#### What needs to be done
Please work out how many lines in the entries contain "AutG", then give that number with nothing added.
*** Opening of Records shown ***
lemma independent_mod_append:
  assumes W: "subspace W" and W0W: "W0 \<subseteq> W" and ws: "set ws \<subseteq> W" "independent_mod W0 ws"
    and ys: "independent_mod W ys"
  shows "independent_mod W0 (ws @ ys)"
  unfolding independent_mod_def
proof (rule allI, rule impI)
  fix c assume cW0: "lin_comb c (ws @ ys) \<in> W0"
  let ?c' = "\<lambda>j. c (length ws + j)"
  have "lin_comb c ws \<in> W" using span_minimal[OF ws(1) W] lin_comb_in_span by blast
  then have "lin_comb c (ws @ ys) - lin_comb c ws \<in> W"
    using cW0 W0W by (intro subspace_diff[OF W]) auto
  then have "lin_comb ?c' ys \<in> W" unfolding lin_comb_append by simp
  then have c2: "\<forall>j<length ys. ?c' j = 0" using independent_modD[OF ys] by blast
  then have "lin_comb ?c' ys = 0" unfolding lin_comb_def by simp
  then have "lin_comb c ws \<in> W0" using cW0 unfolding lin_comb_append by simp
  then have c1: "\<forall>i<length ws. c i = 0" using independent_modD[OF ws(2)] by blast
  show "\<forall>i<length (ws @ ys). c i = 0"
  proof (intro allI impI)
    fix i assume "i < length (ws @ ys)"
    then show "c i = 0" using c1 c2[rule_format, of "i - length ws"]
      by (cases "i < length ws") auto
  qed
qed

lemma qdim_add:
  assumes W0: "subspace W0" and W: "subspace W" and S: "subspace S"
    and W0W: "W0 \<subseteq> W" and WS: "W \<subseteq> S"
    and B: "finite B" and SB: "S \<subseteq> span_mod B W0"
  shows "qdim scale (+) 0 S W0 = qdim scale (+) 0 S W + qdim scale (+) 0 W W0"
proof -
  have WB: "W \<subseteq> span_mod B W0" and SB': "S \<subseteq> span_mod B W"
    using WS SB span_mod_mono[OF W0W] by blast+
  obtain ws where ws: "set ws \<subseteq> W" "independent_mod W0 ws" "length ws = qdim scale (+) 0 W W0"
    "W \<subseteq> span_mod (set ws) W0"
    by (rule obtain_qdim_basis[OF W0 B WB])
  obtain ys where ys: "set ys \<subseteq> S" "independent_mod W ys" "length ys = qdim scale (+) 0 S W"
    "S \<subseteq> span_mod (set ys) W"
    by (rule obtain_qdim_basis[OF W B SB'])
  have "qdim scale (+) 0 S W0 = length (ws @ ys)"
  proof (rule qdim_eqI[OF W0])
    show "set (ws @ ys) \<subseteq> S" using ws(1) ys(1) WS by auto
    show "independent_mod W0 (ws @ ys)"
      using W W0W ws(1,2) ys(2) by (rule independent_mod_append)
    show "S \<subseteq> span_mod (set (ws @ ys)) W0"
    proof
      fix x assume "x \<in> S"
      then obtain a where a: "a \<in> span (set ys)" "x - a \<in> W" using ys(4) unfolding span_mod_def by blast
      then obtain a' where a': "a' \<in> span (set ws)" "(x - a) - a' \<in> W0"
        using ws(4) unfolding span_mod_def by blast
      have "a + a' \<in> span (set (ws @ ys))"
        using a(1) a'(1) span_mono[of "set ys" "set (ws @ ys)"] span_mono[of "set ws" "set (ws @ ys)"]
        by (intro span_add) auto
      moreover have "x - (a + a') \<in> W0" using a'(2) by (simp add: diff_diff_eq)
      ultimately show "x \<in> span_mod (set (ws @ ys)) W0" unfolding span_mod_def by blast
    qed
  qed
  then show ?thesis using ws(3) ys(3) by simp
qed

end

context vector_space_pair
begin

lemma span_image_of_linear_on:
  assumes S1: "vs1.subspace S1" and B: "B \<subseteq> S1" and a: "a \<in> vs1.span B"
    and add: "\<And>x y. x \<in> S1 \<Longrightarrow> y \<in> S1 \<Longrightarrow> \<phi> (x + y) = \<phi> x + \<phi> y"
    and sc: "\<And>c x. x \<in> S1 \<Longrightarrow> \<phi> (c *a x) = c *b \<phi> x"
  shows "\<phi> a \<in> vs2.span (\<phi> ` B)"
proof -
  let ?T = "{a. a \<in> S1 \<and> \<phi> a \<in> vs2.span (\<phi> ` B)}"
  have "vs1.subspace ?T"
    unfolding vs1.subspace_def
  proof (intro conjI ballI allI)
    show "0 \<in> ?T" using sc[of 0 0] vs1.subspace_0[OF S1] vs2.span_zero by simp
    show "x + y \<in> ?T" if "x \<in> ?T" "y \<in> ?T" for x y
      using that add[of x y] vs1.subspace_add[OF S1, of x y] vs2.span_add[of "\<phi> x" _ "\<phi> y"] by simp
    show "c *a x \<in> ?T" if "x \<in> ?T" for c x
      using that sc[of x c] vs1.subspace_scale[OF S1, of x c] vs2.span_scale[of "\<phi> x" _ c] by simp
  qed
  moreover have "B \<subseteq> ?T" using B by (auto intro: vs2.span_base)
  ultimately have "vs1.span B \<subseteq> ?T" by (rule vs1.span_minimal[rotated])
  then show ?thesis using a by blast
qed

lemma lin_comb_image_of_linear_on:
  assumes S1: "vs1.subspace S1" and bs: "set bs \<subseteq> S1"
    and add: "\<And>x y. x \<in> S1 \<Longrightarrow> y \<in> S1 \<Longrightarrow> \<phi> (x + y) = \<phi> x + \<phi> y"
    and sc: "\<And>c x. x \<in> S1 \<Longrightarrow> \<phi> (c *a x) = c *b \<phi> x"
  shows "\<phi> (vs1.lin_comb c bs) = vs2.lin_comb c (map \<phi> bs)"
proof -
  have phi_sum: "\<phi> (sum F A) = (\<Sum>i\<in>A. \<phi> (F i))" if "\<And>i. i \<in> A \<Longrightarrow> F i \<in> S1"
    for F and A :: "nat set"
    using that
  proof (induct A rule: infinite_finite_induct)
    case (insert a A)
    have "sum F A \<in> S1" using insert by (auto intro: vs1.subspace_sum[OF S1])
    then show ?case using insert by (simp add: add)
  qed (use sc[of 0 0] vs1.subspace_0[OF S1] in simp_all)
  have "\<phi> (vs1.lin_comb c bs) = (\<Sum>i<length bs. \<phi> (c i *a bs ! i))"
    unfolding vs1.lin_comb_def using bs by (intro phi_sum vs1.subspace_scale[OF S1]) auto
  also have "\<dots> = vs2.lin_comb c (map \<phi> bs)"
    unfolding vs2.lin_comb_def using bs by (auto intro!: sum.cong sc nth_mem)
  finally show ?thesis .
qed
*** Close of Records shown ***
*** Opening of Records shown ***
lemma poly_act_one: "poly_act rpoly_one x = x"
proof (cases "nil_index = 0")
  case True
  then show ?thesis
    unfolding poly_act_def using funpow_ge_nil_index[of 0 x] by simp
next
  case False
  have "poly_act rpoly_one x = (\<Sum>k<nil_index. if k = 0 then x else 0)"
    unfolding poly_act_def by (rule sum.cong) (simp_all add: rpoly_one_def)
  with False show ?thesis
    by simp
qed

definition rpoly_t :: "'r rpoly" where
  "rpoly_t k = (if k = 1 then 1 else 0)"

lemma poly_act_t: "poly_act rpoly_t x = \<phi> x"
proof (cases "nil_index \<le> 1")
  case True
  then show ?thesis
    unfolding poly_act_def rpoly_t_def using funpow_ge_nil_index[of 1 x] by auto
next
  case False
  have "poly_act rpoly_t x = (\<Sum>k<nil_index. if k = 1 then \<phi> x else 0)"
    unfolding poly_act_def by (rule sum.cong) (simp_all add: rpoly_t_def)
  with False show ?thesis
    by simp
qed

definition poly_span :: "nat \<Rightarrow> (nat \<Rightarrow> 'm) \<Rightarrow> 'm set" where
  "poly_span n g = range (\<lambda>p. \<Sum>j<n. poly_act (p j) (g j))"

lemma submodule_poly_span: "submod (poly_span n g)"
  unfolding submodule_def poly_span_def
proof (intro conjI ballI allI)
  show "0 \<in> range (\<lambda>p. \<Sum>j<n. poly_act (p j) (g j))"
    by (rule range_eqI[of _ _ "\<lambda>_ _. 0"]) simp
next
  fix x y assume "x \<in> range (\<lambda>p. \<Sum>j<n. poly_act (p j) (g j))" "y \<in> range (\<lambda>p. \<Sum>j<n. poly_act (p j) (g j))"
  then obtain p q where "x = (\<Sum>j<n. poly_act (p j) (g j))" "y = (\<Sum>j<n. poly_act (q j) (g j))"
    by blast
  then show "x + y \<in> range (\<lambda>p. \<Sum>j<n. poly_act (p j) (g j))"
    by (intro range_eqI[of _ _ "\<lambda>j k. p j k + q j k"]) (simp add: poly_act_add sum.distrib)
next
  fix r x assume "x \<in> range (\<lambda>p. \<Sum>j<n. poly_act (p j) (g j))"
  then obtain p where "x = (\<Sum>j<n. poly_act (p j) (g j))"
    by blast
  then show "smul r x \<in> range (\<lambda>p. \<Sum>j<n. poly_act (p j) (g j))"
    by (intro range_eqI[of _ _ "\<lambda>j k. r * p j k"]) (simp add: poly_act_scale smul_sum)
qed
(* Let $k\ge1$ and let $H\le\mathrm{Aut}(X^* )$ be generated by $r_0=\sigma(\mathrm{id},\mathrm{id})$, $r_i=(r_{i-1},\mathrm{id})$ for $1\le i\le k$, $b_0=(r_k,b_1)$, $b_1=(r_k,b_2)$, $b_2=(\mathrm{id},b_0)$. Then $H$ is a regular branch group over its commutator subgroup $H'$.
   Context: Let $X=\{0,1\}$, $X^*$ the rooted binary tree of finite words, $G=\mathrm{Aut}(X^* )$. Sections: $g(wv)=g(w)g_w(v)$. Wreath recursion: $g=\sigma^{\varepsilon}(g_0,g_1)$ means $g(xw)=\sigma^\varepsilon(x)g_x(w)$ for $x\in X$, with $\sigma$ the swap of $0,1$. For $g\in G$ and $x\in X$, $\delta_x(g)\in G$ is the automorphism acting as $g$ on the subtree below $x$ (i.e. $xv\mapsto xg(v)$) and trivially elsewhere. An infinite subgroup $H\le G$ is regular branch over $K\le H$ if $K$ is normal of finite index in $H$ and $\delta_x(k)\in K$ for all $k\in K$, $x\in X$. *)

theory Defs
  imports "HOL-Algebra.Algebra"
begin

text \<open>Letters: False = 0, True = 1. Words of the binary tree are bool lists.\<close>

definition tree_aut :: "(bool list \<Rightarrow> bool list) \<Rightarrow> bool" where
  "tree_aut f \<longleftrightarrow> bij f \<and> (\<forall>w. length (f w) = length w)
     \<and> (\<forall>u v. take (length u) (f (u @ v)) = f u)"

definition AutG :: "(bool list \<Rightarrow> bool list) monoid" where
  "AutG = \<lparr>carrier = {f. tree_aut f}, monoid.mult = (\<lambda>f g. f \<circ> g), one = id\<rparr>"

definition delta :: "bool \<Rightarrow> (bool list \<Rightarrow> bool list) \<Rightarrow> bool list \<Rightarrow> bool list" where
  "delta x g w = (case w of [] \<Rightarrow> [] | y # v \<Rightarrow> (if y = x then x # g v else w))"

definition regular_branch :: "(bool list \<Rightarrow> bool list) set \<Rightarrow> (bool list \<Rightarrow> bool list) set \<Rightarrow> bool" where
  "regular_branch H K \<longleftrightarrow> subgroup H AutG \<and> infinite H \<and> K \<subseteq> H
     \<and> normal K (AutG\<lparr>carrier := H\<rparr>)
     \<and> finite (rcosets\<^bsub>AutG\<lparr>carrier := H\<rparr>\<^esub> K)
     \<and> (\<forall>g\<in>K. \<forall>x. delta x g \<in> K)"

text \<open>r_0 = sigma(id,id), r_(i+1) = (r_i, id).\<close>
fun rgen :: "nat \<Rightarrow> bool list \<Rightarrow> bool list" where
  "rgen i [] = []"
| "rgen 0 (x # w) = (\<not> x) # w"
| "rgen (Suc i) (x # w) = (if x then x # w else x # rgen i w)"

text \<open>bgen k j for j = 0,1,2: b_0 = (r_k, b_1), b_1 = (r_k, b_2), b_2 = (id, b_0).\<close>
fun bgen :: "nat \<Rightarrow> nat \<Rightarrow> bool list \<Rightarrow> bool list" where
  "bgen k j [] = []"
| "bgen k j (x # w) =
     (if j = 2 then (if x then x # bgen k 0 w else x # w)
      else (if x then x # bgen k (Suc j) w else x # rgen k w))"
*** Close of Records shown ***
#### Task result
5